**DESCRIPTION OF THE TASK:**
The records below hold a stretch from the line with "(s r^i) r^j" through the line with "(\<lambda>k. \<Sum>i<m. \<Sum>j<m. a i * d"; return exactly those lines, ends included, and nothing more.

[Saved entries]
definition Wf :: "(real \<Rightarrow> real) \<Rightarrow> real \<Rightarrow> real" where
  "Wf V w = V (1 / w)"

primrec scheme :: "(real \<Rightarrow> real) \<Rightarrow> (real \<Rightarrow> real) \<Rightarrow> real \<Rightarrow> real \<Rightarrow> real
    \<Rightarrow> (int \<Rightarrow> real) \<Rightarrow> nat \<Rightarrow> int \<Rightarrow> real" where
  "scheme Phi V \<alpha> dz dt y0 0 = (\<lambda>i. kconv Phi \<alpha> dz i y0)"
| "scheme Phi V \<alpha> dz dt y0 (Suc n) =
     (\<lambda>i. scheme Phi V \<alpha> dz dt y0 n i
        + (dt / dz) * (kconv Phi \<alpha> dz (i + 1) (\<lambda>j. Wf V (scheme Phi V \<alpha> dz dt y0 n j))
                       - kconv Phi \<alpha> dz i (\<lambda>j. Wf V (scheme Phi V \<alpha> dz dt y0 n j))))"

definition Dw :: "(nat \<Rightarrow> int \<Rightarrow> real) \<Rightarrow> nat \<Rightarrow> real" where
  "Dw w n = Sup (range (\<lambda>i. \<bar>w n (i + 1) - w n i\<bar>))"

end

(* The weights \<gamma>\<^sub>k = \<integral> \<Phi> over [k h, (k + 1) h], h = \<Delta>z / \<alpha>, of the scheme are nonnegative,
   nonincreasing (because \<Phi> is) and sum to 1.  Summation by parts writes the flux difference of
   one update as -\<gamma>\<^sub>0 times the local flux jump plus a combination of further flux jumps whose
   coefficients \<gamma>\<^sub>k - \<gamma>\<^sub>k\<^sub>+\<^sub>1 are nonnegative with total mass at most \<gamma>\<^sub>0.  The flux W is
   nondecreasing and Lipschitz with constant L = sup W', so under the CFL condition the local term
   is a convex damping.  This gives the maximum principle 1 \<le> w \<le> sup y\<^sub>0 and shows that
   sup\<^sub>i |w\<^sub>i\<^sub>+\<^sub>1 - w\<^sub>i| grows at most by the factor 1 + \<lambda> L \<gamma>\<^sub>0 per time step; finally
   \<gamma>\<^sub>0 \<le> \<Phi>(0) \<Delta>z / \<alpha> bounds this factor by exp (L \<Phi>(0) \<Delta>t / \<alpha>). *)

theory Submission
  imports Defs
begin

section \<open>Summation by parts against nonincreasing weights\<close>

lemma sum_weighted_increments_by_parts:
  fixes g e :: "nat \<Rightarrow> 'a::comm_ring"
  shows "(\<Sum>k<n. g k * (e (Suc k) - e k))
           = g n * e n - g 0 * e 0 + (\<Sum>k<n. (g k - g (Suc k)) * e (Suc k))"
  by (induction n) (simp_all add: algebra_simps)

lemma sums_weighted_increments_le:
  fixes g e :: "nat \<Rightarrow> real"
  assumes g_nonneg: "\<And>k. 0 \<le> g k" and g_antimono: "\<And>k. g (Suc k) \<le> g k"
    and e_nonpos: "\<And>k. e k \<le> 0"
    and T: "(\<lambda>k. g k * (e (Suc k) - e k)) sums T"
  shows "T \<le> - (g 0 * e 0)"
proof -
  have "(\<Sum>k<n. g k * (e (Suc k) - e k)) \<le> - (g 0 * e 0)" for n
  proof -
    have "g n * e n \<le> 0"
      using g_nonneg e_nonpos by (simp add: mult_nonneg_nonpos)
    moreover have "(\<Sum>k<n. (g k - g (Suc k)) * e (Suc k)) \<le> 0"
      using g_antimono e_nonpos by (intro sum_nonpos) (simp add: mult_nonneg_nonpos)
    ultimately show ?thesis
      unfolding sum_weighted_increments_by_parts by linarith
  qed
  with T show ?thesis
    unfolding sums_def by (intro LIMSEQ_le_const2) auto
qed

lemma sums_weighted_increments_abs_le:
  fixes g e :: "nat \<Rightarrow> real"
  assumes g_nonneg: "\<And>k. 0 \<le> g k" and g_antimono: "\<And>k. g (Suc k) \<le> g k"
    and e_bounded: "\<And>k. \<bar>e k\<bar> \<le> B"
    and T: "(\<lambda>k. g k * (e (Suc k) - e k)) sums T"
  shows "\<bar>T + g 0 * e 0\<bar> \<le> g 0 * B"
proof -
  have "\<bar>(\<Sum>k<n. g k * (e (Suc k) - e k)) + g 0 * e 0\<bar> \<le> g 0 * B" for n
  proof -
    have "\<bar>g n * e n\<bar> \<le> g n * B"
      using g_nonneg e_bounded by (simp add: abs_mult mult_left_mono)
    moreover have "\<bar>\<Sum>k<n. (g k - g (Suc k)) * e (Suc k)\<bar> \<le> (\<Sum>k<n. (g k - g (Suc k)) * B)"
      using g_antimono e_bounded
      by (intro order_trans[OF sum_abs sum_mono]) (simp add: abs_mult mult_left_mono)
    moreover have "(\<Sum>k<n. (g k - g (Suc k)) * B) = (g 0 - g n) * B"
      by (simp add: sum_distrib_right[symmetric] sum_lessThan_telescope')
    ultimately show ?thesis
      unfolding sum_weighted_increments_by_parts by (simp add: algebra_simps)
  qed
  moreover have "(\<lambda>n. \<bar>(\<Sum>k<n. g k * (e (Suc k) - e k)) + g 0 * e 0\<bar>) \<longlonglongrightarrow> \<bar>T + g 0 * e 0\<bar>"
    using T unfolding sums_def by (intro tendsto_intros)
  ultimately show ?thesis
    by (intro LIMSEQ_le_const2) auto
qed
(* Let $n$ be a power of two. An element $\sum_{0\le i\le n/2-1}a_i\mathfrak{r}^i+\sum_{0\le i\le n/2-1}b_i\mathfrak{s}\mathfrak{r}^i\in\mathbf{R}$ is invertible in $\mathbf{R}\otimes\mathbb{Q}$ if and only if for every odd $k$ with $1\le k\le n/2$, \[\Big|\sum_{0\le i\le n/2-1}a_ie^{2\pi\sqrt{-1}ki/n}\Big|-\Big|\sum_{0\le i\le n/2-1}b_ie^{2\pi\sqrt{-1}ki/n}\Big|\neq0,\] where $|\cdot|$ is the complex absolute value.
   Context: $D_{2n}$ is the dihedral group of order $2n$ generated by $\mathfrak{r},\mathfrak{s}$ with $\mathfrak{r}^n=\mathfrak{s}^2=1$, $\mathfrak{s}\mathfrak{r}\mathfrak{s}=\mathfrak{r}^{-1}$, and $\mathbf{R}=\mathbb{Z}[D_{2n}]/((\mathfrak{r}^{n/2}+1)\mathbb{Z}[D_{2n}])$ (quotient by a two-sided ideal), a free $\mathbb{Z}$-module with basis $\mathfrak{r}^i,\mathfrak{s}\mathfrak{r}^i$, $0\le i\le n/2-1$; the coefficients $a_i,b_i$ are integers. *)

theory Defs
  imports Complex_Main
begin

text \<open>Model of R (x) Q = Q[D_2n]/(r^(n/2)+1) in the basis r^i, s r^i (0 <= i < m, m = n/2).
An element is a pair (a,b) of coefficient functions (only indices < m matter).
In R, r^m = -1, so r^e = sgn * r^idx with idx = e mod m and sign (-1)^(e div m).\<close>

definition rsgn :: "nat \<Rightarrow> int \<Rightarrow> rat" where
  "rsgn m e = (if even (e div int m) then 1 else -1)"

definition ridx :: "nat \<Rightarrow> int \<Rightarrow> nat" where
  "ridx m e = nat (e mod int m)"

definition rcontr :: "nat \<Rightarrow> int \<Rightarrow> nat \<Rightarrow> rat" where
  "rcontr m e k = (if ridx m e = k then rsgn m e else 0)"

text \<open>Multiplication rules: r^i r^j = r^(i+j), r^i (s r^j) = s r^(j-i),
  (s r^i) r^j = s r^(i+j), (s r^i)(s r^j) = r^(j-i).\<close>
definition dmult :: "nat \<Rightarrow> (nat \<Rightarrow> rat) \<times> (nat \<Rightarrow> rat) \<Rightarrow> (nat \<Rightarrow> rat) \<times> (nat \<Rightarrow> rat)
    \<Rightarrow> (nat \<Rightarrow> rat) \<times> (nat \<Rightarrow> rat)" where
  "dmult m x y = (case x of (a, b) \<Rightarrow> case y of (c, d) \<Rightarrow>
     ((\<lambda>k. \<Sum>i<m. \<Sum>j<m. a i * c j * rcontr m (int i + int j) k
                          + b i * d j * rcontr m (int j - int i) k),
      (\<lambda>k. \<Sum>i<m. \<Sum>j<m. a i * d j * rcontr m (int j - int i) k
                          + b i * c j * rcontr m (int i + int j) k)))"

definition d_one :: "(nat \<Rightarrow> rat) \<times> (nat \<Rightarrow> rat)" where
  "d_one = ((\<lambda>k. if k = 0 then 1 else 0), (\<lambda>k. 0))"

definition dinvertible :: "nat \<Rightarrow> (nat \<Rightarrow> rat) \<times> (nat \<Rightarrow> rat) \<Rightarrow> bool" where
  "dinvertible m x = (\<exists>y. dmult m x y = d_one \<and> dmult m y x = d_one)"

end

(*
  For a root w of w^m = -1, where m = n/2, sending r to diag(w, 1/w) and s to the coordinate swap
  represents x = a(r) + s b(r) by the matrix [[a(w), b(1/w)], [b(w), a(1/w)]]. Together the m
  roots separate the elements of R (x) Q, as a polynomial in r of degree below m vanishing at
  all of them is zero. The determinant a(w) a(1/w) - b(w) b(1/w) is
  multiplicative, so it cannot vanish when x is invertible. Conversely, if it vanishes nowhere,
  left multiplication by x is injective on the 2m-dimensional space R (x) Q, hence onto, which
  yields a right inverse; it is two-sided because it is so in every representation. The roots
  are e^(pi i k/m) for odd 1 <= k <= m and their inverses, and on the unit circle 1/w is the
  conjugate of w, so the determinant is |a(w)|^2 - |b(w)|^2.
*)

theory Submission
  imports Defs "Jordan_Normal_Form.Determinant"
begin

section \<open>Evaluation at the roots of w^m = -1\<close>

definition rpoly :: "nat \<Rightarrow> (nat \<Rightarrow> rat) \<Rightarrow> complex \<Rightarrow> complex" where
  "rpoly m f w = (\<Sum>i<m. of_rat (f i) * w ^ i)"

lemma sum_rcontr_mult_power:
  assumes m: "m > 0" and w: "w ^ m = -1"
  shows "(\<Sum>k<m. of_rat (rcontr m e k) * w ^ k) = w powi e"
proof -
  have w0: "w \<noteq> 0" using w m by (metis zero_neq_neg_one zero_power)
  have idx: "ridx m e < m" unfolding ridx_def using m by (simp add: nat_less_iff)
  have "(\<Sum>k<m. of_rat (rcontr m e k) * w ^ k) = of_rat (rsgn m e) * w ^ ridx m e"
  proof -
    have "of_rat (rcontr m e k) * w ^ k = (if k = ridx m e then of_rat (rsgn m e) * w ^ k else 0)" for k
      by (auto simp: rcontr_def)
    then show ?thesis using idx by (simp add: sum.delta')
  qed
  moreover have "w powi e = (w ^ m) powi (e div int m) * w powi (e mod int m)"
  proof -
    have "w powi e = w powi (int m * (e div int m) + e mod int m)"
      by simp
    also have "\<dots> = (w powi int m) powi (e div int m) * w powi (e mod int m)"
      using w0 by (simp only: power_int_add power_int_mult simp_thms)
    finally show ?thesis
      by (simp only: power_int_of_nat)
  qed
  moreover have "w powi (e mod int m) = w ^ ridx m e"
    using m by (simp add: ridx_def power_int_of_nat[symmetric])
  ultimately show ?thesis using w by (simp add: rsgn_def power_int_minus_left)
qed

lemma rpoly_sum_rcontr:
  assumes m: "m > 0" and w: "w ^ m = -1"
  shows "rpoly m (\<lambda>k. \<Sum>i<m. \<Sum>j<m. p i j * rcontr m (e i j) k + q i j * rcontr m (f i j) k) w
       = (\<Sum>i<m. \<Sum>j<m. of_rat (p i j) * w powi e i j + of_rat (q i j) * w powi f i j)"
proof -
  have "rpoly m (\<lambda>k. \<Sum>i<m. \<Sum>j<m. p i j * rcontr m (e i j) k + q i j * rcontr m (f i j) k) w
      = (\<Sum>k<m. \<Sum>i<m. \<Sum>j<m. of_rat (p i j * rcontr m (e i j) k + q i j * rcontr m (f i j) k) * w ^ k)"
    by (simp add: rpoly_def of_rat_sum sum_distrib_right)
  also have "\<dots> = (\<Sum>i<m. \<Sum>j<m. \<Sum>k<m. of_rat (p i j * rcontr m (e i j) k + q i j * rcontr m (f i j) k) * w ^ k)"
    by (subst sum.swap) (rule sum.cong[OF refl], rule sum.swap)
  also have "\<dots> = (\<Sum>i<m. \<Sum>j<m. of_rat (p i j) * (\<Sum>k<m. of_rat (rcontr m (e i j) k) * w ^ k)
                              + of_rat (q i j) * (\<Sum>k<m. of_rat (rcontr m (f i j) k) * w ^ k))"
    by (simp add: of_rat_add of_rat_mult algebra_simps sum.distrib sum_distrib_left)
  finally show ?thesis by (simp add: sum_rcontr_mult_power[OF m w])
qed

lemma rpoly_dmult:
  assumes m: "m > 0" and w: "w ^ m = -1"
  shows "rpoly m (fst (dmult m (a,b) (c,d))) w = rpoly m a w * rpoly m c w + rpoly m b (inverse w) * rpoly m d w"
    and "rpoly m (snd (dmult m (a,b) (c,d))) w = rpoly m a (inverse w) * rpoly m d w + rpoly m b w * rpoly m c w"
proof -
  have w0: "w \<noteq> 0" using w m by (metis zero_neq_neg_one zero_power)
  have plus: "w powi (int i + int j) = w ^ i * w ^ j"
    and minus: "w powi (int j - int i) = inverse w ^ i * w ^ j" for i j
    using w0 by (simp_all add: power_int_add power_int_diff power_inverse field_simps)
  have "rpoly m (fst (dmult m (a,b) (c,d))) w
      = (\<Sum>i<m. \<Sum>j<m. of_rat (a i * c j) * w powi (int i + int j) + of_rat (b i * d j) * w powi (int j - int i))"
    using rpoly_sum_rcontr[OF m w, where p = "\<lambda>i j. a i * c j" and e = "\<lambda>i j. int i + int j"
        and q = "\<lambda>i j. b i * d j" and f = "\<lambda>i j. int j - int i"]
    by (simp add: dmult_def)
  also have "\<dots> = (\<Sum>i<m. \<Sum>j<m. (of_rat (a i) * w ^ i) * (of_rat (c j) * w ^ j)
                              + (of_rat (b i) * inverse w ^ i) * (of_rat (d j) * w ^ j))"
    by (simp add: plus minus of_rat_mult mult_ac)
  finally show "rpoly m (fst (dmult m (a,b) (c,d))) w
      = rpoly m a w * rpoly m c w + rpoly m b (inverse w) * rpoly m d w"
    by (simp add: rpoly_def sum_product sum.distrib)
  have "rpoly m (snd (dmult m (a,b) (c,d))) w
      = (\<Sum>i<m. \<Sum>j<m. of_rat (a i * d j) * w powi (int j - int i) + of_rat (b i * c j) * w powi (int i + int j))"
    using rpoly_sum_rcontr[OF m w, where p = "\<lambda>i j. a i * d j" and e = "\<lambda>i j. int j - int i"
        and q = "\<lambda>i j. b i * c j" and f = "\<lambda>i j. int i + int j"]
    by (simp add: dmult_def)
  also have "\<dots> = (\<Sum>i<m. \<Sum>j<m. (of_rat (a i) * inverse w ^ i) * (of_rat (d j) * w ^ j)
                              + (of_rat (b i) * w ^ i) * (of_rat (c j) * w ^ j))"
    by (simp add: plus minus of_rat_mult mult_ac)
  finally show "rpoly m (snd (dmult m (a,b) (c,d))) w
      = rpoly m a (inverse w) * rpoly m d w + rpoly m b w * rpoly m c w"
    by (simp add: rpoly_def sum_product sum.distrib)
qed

**EXERCISE OUTPUT:**
  (s r^i) r^j = s r^(i+j), (s r^i)(s r^j) = r^(j-i).\<close>
definition dmult :: "nat \<Rightarrow> (nat \<Rightarrow> rat) \<times> (nat \<Rightarrow> rat) \<Rightarrow> (nat \<Rightarrow> rat) \<times> (nat \<Rightarrow> rat)
    \<Rightarrow> (nat \<Rightarrow> rat) \<times> (nat \<Rightarrow> rat)" where
  "dmult m x y = (case x of (a, b) \<Rightarrow> case y of (c, d) \<Rightarrow>
     ((\<lambda>k. \<Sum>i<m. \<Sum>j<m. a i * c j * rcontr m (int i + int j) k
                          + b i * d j * rcontr m (int j - int i) k),
      (\<lambda>k. \<Sum>i<m. \<Sum>j<m. a i * d j * rcontr m (int j - int i) k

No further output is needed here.